Wikipedia-based keyword extraction tool in Java
Maui 2.0 is a keyword extraction tool, based on Maui, a topic indexing tool.


Major improvement over original Maui:

  • Upgraded one of its dependent libraries, Wikipedia Miner from 1.1 to 1.2, resulting in much faster program execution speed(almost 10 times faster).
  • Augmented with keyword extraction Java API. Original one has only commandline tool.


###Preparing Wikipedia Miner Maui 2.0 depends Wikipeida Miner 1.2, which requires the user to build the Wikipedia summary database.

Instruction on how to set up Wikipedia Miner 1.2 is located at wikipedia-miner-setup.

If you need to Wikipedia Dump summary file of July, 2014, please contact me(see the address at the very bottom).

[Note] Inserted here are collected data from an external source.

(* Let $K$ be a number field, $G$ a finitely generated torsion-free subgroup of $K^\times$ of positive rank $r$, and let $D$ be a constant with $C(n)\le D$ for all $n\ge1$ (such a constant exists). Then for every real $y\ge1$, \[\sum_{t\le y}\sum_{n=1}^\infty\frac{\mu(n)}{[K_{nt,nt}:K]}=1+O\!\left(\frac{D}{y^r}\right),\] where the implied constant is absolute.
   Context: $K_{n,n}:=K(\zeta_n,G^{1/n})$, with $\zeta_n$ a primitive $n$-th root of unity and $G^{1/n}$ the set of all $n$-th roots of elements of $G$. $C(n):=\dfrac{\varphi(n)n^r}{[K_{n,n}:K]}$, with $\varphi$ Euler's totient function; $\mu$ is the Möbius function. *)

theory Defs
  imports "HOL-Analysis.Analysis" "HOL-Computational_Algebra.Squarefree"
          "HOL-Number_Theory.Number_Theory"
begin

definition moebius :: "nat \<Rightarrow> int" where
  "moebius n = (if n = 0 \<or> \<not> squarefree n then 0 else (-1) ^ card (prime_factors n))"

definition is_subfield :: "complex set \<Rightarrow> bool" where
  "is_subfield F \<longleftrightarrow> 0 \<in> F \<and> 1 \<in> F \<and> (\<forall>x\<in>F. \<forall>y\<in>F. x + y \<in> F \<and> x * y \<in> F)
     \<and> (\<forall>x\<in>F. - x \<in> F) \<and> (\<forall>x\<in>F. x \<noteq> 0 \<longrightarrow> inverse x \<in> F)"

definition is_basis_over :: "complex set \<Rightarrow> complex set \<Rightarrow> complex set \<Rightarrow> bool" where
  "is_basis_over F L B \<longleftrightarrow> finite B \<and> B \<subseteq> L
     \<and> (\<forall>c. (\<forall>b\<in>B. c b \<in> F) \<longrightarrow> (\<Sum>b\<in>B. c b * b) = 0 \<longrightarrow> (\<forall>b\<in>B. c b = 0))
     \<and> (\<forall>x\<in>L. \<exists>c. (\<forall>b\<in>B. c b \<in> F) \<and> x = (\<Sum>b\<in>B. c b * b))"

text \<open>Degree [L:F] of a field extension L/F (0 if infinite).\<close>
definition ext_degree :: "complex set \<Rightarrow> complex set \<Rightarrow> nat" where
  "ext_degree L F = (LEAST d. \<exists>B. is_basis_over F L B \<and> card B = d)"

definition number_field :: "complex set \<Rightarrow> bool" where
  "number_field K \<longleftrightarrow> is_subfield K \<and> (\<exists>B. is_basis_over (\<rat>::complex set) K B)"

definition gen_field :: "complex set \<Rightarrow> complex set" where
  "gen_field S = \<Inter> {F. is_subfield F \<and> S \<subseteq> F}"

text \<open>K_{n,n} = K(zeta_n, G^{1/n}), zeta_n = exp(2 pi i/n).\<close>
definition kummer_field :: "complex set \<Rightarrow> complex set \<Rightarrow> nat \<Rightarrow> complex set" where
  "kummer_field K G n = gen_field (K \<union> {cis (2 * pi / real n)} \<union> {x. x ^ n \<in> G})"

definition mult_subgroup :: "complex set \<Rightarrow> complex set \<Rightarrow> bool" where
  "mult_subgroup K G \<longleftrightarrow> G \<subseteq> K - {0} \<and> 1 \<in> G \<and> (\<forall>x\<in>G. \<forall>y\<in>G. x * y \<in> G)
     \<and> (\<forall>x\<in>G. inverse x \<in> G)"

definition fin_gen :: "complex set \<Rightarrow> bool" where
  "fin_gen G \<longleftrightarrow> (\<exists>S. finite S \<and> S \<subseteq> G \<and>
     (\<forall>x\<in>G. \<exists>e::complex \<Rightarrow> int. x = (\<Prod>s\<in>S. s powi e s)))"

definition torsion_free :: "complex set \<Rightarrow> bool" where
  "torsion_free G \<longleftrightarrow> (\<forall>x\<in>G. \<forall>n::nat. n > 0 \<longrightarrow> x ^ n = 1 \<longrightarrow> x = 1)"

definition mult_indep :: "nat \<Rightarrow> (nat \<Rightarrow> complex) \<Rightarrow> bool" where
  "mult_indep k x \<longleftrightarrow> (\<forall>e::nat \<Rightarrow> int. (\<Prod>i<k. x i powi e i) = 1 \<longrightarrow> (\<forall>i<k. e i = 0))"

definition has_rank :: "complex set \<Rightarrow> nat \<Rightarrow> bool" where
  "has_rank G r \<longleftrightarrow> (\<exists>x. (\<forall>i<r. x i \<in> G) \<and> mult_indep r x)
     \<and> (\<forall>x. (\<forall>i<Suc r. x i \<in> G) \<longrightarrow> \<not> mult_indep (Suc r) x)"

definition C_const :: "complex set \<Rightarrow> complex set \<Rightarrow> nat \<Rightarrow> nat \<Rightarrow> real" where
  "C_const K G r n = real (totient n) * real n ^ r / real (ext_degree (kummer_field K G n) K)"

end

theory Submission
  imports Defs
begin
lemma vanishing_vectors_insert:
  assumes "prime p" and "s \<in> {0..<int p}" "S \<subseteq> {0..<int p}" "s \<notin> S"
  shows "vanishing_vectors p (Suc m) (insert s S) = times_linear p m s ` vanishing_vectors p m S"
proof -
  have p: "p > 0"
    using assms(1) prime_gt_0_nat by blast
  have "\<not> int p dvd t - s" if "t \<in> S" for t
    using that assms(2-4) cong_less_imp_eq_int[of t "int p" s] by (auto simp: cong_iff_dvd_diff)
  then have old_roots: "int p dvd eval_coeffs (Suc m) (times_linear p m s b) t
      \<longleftrightarrow> int p dvd eval_coeffs m b t" if "t \<in> S" for t b
    using that eval_times_linear_cong[of m p s b t] assms(1)
    by (auto simp: cong_dvd_iff prime_dvd_mult_iff)
  have new_root: "int p dvd eval_coeffs (Suc m) (times_linear p m s b) s" for b
    using eval_times_linear_cong[of m p s b s] by (simp add: cong_dvd_iff)
  show ?thesis
  proof (intro equalityI subsetI)
    fix c
    assume "c \<in> vanishing_vectors p (Suc m) (insert s S)"
    then have c: "c \<in> residue_vectors p (Suc m)" "\<forall>t\<in>insert s S. int p dvd eval_coeffs (Suc m) c t"
      by (auto simp: vanishing_vectors_def)
    then have "[eval_coeffs (Suc m) c s = 0] (mod int p)"
      by (simp add: cong_0_iff)
    then obtain b where "b \<in> residue_vectors p m" "times_linear p m s b = c"
      by (rule times_linear_surj[OF p c(1)])
    with c old_roots show "c \<in> times_linear p m s ` vanishing_vectors p m S"
      by (auto simp: vanishing_vectors_def)
  qed (use old_roots new_root times_linear_in_residue_vectors[OF p] in \<open>auto simp: vanishing_vectors_def\<close>)
qed
(* Let $n\ge1$, $\mathcal{X}$ the simplex in $\mathbb{R}^{n+1}$, $\theta$ a kernel, $\Phi$ a Lipschitz continuous smooth function on an open neighborhood of $\mathcal{X}$, and $\eta>0$. If $x(t)$ is a solution trajectory of the inertial dynamics (ID) in $\mathcal{X}^\circ$ that is defined for all $t\ge0$, then $\lim_{t\to\infty}\dot x(t)=0$.
   Context: $\mathcal{X}=\{x\in\mathbb{R}^{n+1}:x_\alpha\ge0,\sum_\alpha x_\alpha=1\}$ with relative interior $\mathcal{X}^\circ$. A kernel is a $C^\infty$ function $\theta:[0,\infty)\to\mathbb{R}\cup\{+\infty\}$ with $\theta(x)<\infty$ for $x>0$, $\lim_{x\to0^+}\theta'(x)=-\infty$, $\theta''>0$, $\theta'''<0$ on $(0,\infty)$. With $\theta''_\alpha=\theta''(x_\alpha)$, $\theta'''_\alpha=\theta'''(x_\alpha)$, $\Theta''=(\sum_\beta1/\theta''_\beta)^{-1}$, $v_\alpha=\partial\Phi/\partial x_\alpha$, the inertial dynamics (ID) on $\mathcal{X}^\circ$ are $$\ddot x_\alpha=\frac{1}{\theta''_\alpha}\Big[v_\alpha-\sum_{\beta}\frac{\Theta''}{\theta''_\beta}v_\beta\Big]-\frac{1}{2\theta''_\alpha}\Big[\theta'''_\alpha\dot x_\alpha^2-\sum_\beta\frac{\Theta''}{\theta''_\beta}\theta'''_\beta\dot x_\beta^2\Big]-\eta\dot x_\alpha.$$ *)

theory Defs
  imports "HOL-Analysis.Analysis"
begin

definition std_simplex :: "(real ^ 'n::finite) set" where
  "std_simplex = {x. (\<forall>a. 0 \<le> x $ a) \<and> (\<Sum>a\<in>UNIV. x $ a) = 1}"

definition std_simplex_relint :: "(real ^ 'n::finite) set" where
  "std_simplex_relint = {x. (\<forall>a. 0 < x $ a) \<and> (\<Sum>a\<in>UNIV. x $ a) = 1}"

definition smooth1_on :: "(real \<Rightarrow> real) \<Rightarrow> real set \<Rightarrow> bool" where
  "smooth1_on f S \<longleftrightarrow> (\<forall>k. \<forall>x\<in>S. (deriv ^^ k) f differentiable (at x))"

text \<open>Kernel (restricted to (0,oo); the value at 0 does not enter the dynamics).\<close>
definition kernel :: "(real \<Rightarrow> real) \<Rightarrow> bool" where
  "kernel \<theta> \<longleftrightarrow> smooth1_on \<theta> {0<..}
     \<and> filterlim (deriv \<theta>) at_bot (at_right 0)
     \<and> (\<forall>x>0. (deriv ^^ 2) \<theta> x > 0)
     \<and> (\<forall>x>0. (deriv ^^ 3) \<theta> x < 0)"

definition partial :: "'n::finite \<Rightarrow> (real ^ 'n \<Rightarrow> real) \<Rightarrow> real ^ 'n \<Rightarrow> real" where
  "partial i f x = frechet_derivative f (at x) (axis i 1)"

fun Ck_on :: "nat \<Rightarrow> (real ^ 'n::finite \<Rightarrow> real) \<Rightarrow> (real ^ 'n) set \<Rightarrow> bool" where
  "Ck_on 0 f U = continuous_on U f"
| "Ck_on (Suc k) f U = (f differentiable_on U \<and> (\<forall>i. Ck_on k (partial i f) U))"

definition smooth_on :: "(real ^ 'n::finite \<Rightarrow> real) \<Rightarrow> (real ^ 'n) set \<Rightarrow> bool" where
  "smooth_on f U \<longleftrightarrow> (\<forall>k. Ck_on k f U)"

definition ID_rhs :: "(real \<Rightarrow> real) \<Rightarrow> (real ^ 'n::finite \<Rightarrow> real) \<Rightarrow> real
    \<Rightarrow> real ^ 'n \<Rightarrow> real ^ 'n \<Rightarrow> 'n \<Rightarrow> real" where
  "ID_rhs \<theta> \<Phi> \<eta> x xd a =
    (let th2 = (\<lambda>b. (deriv ^^ 2) \<theta> (x $ b));
         th3 = (\<lambda>b. (deriv ^^ 3) \<theta> (x $ b));
         Th2 = 1 / (\<Sum>b\<in>UNIV. 1 / th2 b);
         v = (\<lambda>b. partial b \<Phi> x)
     in (1 / th2 a) * (v a - (\<Sum>b\<in>UNIV. Th2 / th2 b * v b))
        - (1 / (2 * th2 a)) * (th3 a * (xd $ a)^2 - (\<Sum>b\<in>UNIV. Th2 / th2 b * th3 b * (xd $ b)^2))
        - \<eta> * xd $ a)"

end

(* The quantity E = \<Sum>\<^sub>\<alpha> \<theta>''(x\<^sub>\<alpha>) x'\<^sub>\<alpha>\<^sup>2 - 2 \<Phi>(x) (twice the mechanical energy)
   satisfies E' = -2\<eta> K, where K is the kinetic part: the Lagrange-multiplier terms of (ID) cancel because
   the velocity is tangent to the simplex. Since \<Phi> is Lipschitz on the bounded simplex, E and hence K
   stay bounded, so the velocity is bounded (\<theta>'' \<ge> \<theta>''(1) on (0,1] as \<theta>''' < 0) and \<Phi>(x(t)) is Lipschitz
   in time. Then K can only decrease at a bounded rate, and \<integral> K < \<infinity> forces K \<rightarrow> 0, whence x' \<rightarrow> 0. *)

theory Submission
  imports Defs
begin

lemma has_real_derivative_vec_nth:
  fixes x :: "real \<Rightarrow> real ^ 'n::finite"
  assumes "(x has_vector_derivative v) (at t within S)"
  shows "((\<lambda>s. x s $ a) has_real_derivative v $ a) (at t within S)"
proof -
  have "((\<lambda>s. x s $ a) has_derivative (\<lambda>h. (h *\<^sub>R v) $ a)) (at t within S)"
    using bounded_linear.has_derivative[OF bounded_linear_vec_nth assms[unfolded has_vector_derivative_def]] .
  moreover have "(\<lambda>h. (h *\<^sub>R v) $ a) = (*) (v $ a)"
    by (auto simp: mult.commute)
  ultimately show ?thesis
    by (simp add: has_field_derivative_def)
qed

lemma real_mvt_within:
  fixes f f' :: "real \<Rightarrow> real"
  assumes "a \<le> b" "{a..b} \<subseteq> S" "\<And>t. t \<in> {a..b} \<Longrightarrow> (f has_real_derivative f' t) (at t within S)"
  shows "\<exists>\<xi>\<in>{a..b}. f b - f a = f' \<xi> * (b - a)"
proof -
  have "\<exists>\<xi>\<in>{a..b}. f b - f a = (\<lambda>t h. f' t * h) \<xi> (b - a)"
  proof (rule mvt_very_simple[OF assms(1)])
    fix t assume "a \<le> t" "t \<le> b"
    then have "(f has_real_derivative f' t) (at t within {a..b})"
      using assms(2,3) by (auto intro: has_field_derivative_subset)
    then show "(f has_derivative (\<lambda>h. f' t * h)) (at t within {a..b})"
      by (simp add: has_field_derivative_def)
  qed
  then show ?thesis by simp
qed

lemma antimono_on_atLeast_of_nonpos_derivative:
  fixes f f' :: "real \<Rightarrow> real"
  assumes "\<And>t. 0 \<le> t \<Longrightarrow> (f has_real_derivative f' t) (at t within {0..})"
    and "\<And>t. 0 \<le> t \<Longrightarrow> f' t \<le> 0"
    and "0 \<le> s" "s \<le> t"
  shows "f t \<le> f s"
proof -
  obtain \<xi> where "\<xi> \<in> {s..t}" "f t - f s = f' \<xi> * (t - s)"
    using real_mvt_within[of s t "{0..}" f f'] assms by auto
  moreover have "f' \<xi> * (t - s) \<le> 0"
    using assms \<open>\<xi> \<in> {s..t}\<close> by (intro mult_nonpos_nonneg) auto
  ultimately show ?thesis by simp
qed

lemma has_real_derivative_within_atLeast_const_eq_0:
  fixes g :: "real \<Rightarrow> real"
  assumes "0 \<le> t" "(g has_real_derivative D) (at t within {0..})" "\<And>s. 0 \<le> s \<Longrightarrow> g s = c"
  shows "D = 0"
proof -
  have "(g has_real_derivative D) (at t within {t..t+1})"
    using assms by (intro has_field_derivative_subset[OF assms(2)]) auto
  moreover have "(g has_real_derivative 0) (at t within {t..t+1})"
    by (rule has_field_derivative_transform_within[where f="\<lambda>_. c" and d=1]) (use assms in auto)
  ultimately show ?thesis
    using vector_derivative_unique_within_closed_interval[of t "t+1" t g D 0]
    by (auto simp: has_real_derivative_iff_has_vector_derivative)
qed

lemma has_real_derivative_compose_partial:
  fixes \<Phi> :: "real ^ 'n::finite \<Rightarrow> real"
  assumes "\<Phi> differentiable (at (x t))" "(x has_vector_derivative v) (at t within S)"
  shows "((\<lambda>s. \<Phi> (x s)) has_real_derivative (\<Sum>a\<in>UNIV. partial a \<Phi> (x t) * v $ a)) (at t within S)"
proof -
  define D where "D = frechet_derivative \<Phi> (at (x t))"
  have hD: "(\<Phi> has_derivative D) (at (x t))"
    using assms(1) unfolding D_def by (simp add: frechet_derivative_works)
  have lin: "linear D" using hD has_derivative_linear by blast
  have "D v = D (\<Sum>a\<in>UNIV. (v $ a) *\<^sub>R axis a 1)"
    using basis_expansion[of v] by (simp add: scalar_mult_eq_scaleR)
  also have "\<dots> = (\<Sum>a\<in>UNIV. v $ a * D (axis a 1))"
    by (simp add: linear_sum[OF lin] linear_scale[OF lin])
  also have "\<dots> = (\<Sum>a\<in>UNIV. partial a \<Phi> (x t) * v $ a)"
    by (simp add: partial_def D_def mult.commute)
  finally have "(\<lambda>h. D (h *\<^sub>R v)) = (*) (\<Sum>a\<in>UNIV. partial a \<Phi> (x t) * v $ a)"
    by (auto simp: linear_scale[OF lin] mult.commute)
  moreover have "((\<lambda>s. \<Phi> (x s)) has_derivative (\<lambda>h. D (h *\<^sub>R v))) (at t within S)"
    using has_derivative_compose[OF assms(2)[unfolded has_vector_derivative_def] hD] by (simp add: o_def)
  ultimately show ?thesis by (simp add: has_field_derivative_def)
qed

lemma dist_std_simplex_le_2:
  assumes "x \<in> std_simplex" "y \<in> std_simplex"
  shows "dist x y \<le> 2"
proof -
  have "dist x y \<le> (\<Sum>a\<in>UNIV. \<bar>x $ a - y $ a\<bar>)"
    using norm_le_l1_cart[of "x - y"] by (simp add: dist_norm)
  also have "\<dots> \<le> (\<Sum>a\<in>UNIV. x $ a + y $ a)"
    by (rule sum_mono) (use assms in \<open>auto simp: std_simplex_def abs_if\<close>)
  also have "\<dots> = 2"
    using assms by (simp add: std_simplex_def sum.distrib)
  finally show ?thesis .
qed

lemma std_simplex_relint_subset: "std_simplex_relint \<subseteq> std_simplex"
  by (auto simp: std_simplex_relint_def std_simplex_def less_imp_le)

lemma std_simplex_nth_le_1:
  assumes "x \<in> std_simplex"
  shows "x $ a \<le> 1"
proof -
  have "x $ a \<le> (\<Sum>b\<in>UNIV. x $ b)"
    by (rule member_le_sum) (use assms in \<open>auto simp: std_simplex_def\<close>)
  then show ?thesis using assms by (simp add: std_simplex_def)
qed

lemma norm_le_sqrt_weighted_sum:
  fixes v :: "real ^ 'n::finite"
  assumes "0 < m" "\<And>a. m \<le> w a"
  shows "norm v \<le> sqrt ((\<Sum>a\<in>UNIV. w a * (v $ a)\<^sup>2) / m)"
proof -
  have "m * (\<Sum>a\<in>UNIV. (v $ a)\<^sup>2) \<le> (\<Sum>a\<in>UNIV. w a * (v $ a)\<^sup>2)"
    unfolding sum_distrib_left by (rule sum_mono) (simp add: assms mult_right_mono)
  then have "(\<Sum>a\<in>UNIV. (v $ a)\<^sup>2) \<le> (\<Sum>a\<in>UNIV. w a * (v $ a)\<^sup>2) / m"
    using assms(1) by (simp add: field_simps)
  then show ?thesis
    unfolding norm_vec_def L2_set_def by (simp add: real_sqrt_le_mono)
qed
text \<open>Weighted undirected graphs on the vertex set {0..<n}, given by a weight
  function w; an edge {i,j} is present iff w i j > 0.\<close>

definition weighted_graph :: "nat \<Rightarrow> (nat \<Rightarrow> nat \<Rightarrow> real) \<Rightarrow> bool" where
  "weighted_graph n w \<longleftrightarrow>
     (\<forall>i<n. \<forall>j<n. w i j = w j i \<and> w i j \<ge> 0) \<and> (\<forall>i<n. w i i = 0)"

definition graph_connected :: "nat \<Rightarrow> (nat \<Rightarrow> nat \<Rightarrow> real) \<Rightarrow> bool" where
  "graph_connected n w \<longleftrightarrow>
     (\<forall>u<n. \<forall>v<n. (u, v) \<in> {(i, j). i < n \<and> j < n \<and> w i j > 0}\<^sup>*)"

definition wdeg :: "nat \<Rightarrow> (nat \<Rightarrow> nat \<Rightarrow> real) \<Rightarrow> nat \<Rightarrow> real" where
  "wdeg n w i = (\<Sum>j<n. w i j)"

definition degree_mat :: "nat \<Rightarrow> (nat \<Rightarrow> nat \<Rightarrow> real) \<Rightarrow> real mat" where
  "degree_mat n w = mat n n (\<lambda>(i, j). if i = j then wdeg n w i else 0)"

definition laplacian :: "nat \<Rightarrow> (nat \<Rightarrow> nat \<Rightarrow> real) \<Rightarrow> real mat" where
  "laplacian n w = degree_mat n w - mat n n (\<lambda>(i, j). w i j)"

definition diag_inv_sqrt :: "real mat \<Rightarrow> real mat" where
  "diag_inv_sqrt D = mat (dim_row D) (dim_col D)
      (\<lambda>(i, j). if i = j then 1 / sqrt (D $$ (i, i)) else 0)"

text \<open>Schur complement of L onto C (blocks indexed by F = complement of C and C,
  in increasing order of indices): C-block minus B^T F^{-1} B.\<close>
definition schur_compl :: "real mat \<Rightarrow> nat set \<Rightarrow> real mat" where
  "schur_compl L C =
     (let F = {0..<dim_row L} - C;
          B = submatrix L F C
      in submatrix L C C - transpose_mat B * the (mat_inverse (submatrix L F F)) * B)"

definition sorted_eigenvalues :: "real mat \<Rightarrow> real list" where
  "sorted_eigenvalues A = sorted_list_of_multiset (proots (char_poly A))"

definition lambda2 :: "real mat \<Rightarrow> real" where
  "lambda2 A = sorted_eigenvalues A ! 1"

end

theory Submission
  imports Defs "Jordan_Normal_Form.Schur_Decomposition" "HOL-Combinatorics.Permutations"
begin

(* Write N = D^(-1/2) L D^(-1/2) and N_S = D_C^(-1/2) S D_C^(-1/2).  For x on C, let Z x be its
   harmonic extension: equal to x on C and to -L_FF^-1 L_FC x on F.  Its Laplacian energy
   (Z x)^T L (Z x) is x^T S x.  Hence, with u = D_C^(1/2) x and t = D^(1/2) Z x, the normalised
   forms agree, t^T N t = u^T N_S u, and |t| >= |u| because t restricts to u on C.
   By Courant-Fischer, pick u in the span of the two lowest eigenvectors of N_S such that t is
   orthogonal to a lowest eigenvector of N; then
     nu2 |t|^2 <= t^T N t = u^T N_S u <= lambda2(N_S) |u|^2,
   and since t^T N t >= 0 this yields nu2 <= lambda2(N_S).  Relating lambda2, defined through the
   roots of the characteristic polynomial, to quadratic forms needs the spectral theorem for real
   symmetric matrices: their eigenvalues are real, and an orthonormal eigenbasis can be grown one
   vector at a time inside the orthogonal complement of the vectors found so far. *)

section \<open>Matrix algebra\<close>

declare minus_carrier_mat[simp]

lemma mult_mat_vec_zero[simp]: "A \<in> carrier_mat n m \<Longrightarrow> A *\<^sub>v 0\<^sub>v m = (0\<^sub>v n :: 'a :: semiring_0 vec)"
  by (rule eq_vecI) (auto simp: scalar_prod_def)

lemma zero_mat_mult_vec[simp]: "v \<in> carrier_vec m \<Longrightarrow> 0\<^sub>m n m *\<^sub>v v = (0\<^sub>v n :: 'a :: semiring_0 vec)"
  by (rule eq_vecI) (auto simp: scalar_prod_def)

lemma smult_mat_mult_vec:
  "A \<in> carrier_mat n m \<Longrightarrow> v \<in> carrier_vec m \<Longrightarrow> (c \<cdot>\<^sub>m A) *\<^sub>v v = c \<cdot>\<^sub>v (A *\<^sub>v (v :: 'a :: comm_ring vec))"
  by (rule eq_vecI) (auto simp: scalar_prod_def sum_distrib_left ac_simps)

lemma scalar_prod_transpose_mult_mult_vec:
  fixes A :: "'a :: comm_semiring_0 mat"
  assumes A: "A \<in> carrier_mat n m" and B: "B \<in> carrier_mat n p" and C: "C \<in> carrier_mat m q"
    and u: "u \<in> carrier_vec p" and v: "v \<in> carrier_vec q"
  shows "u \<bullet> ((B\<^sup>T * A * C) *\<^sub>v v) = (B *\<^sub>v u) \<bullet> (A *\<^sub>v (C *\<^sub>v v))"
proof -
  have ACv: "A *\<^sub>v (C *\<^sub>v v) \<in> carrier_vec n" using A C v by simp
  have "u \<bullet> ((B\<^sup>T * A * C) *\<^sub>v v) = u \<bullet> (B\<^sup>T *\<^sub>v (A *\<^sub>v (C *\<^sub>v v)))"
    using A B C v by (simp add: assoc_mult_mat_vec[of _ p n _ q])
  also have "\<dots> = (B\<^sup>T *\<^sub>v (A *\<^sub>v (C *\<^sub>v v))) \<bullet> u"
    using B u ACv by (intro comm_scalar_prod[of _ p]) auto
  also have "\<dots> = (A *\<^sub>v (C *\<^sub>v v)) \<bullet> (B *\<^sub>v u)" by (rule transpose_vec_mult_scalar[OF B u ACv])
  also have "\<dots> = (B *\<^sub>v u) \<bullet> (A *\<^sub>v (C *\<^sub>v v))"
    using B u ACv by (intro comm_scalar_prod[of _ n]) auto
  finally show ?thesis .
qed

###Build pacakge > cd ant > ant package

###Buidling the model


> java -cp "lib/*:build/jar/maui-2.jar" maui.main.MauiModelBuilder -l {path-to-trainig-data} -m {path-to-model-file} -v wikipedia -c {path-to-wikipedia-miner-configuration-file}

  • For wikipedia miner configuration file, refer to here
  • A typical trianing data path would be data/wikipedia_indexing/train/

An example:

> java -cp "lib/*:build/jar/maui-2.jar" maui.main.MauiModelBuilder -l data/wikipedia_indexing/train -m test -v wikipedia -c {path-to-wikipedia-miner-configuration-file}

###Keyword extraction(Command line)

Given a list of text files for which you would the keywords to be extracted, an example usage is:

> java -cp "lib/*:src" maui.main.MauiTopicExtractor -l {path-to-test-data} -m {path-to-model-file} -v wikipedia -c {path-to-wikipedia-miner-configuration-file}

  • test data path is the directory containing text files each being a document with its keywords to be extracted.
  • Note text files in test data path should have extension .txt

An example:

> java -cp "lib/*:build/jar/maui-2.jar" maui.main.MauiTopicExtractor -l data/wikipedia_indexing/test -m test -v wikipedia -c {path-to-wikipedia-miner-configuration-file}

###Keyword extraction(Java API)

The function can also be called through Java API. An Scala example is:

import maui.main.MauiTopicExtractor

val opts = Array("-v", "wikipedia", "-m", "/path/to/model-file", "-c", "/path/to/wikipedia-miner/config.xml")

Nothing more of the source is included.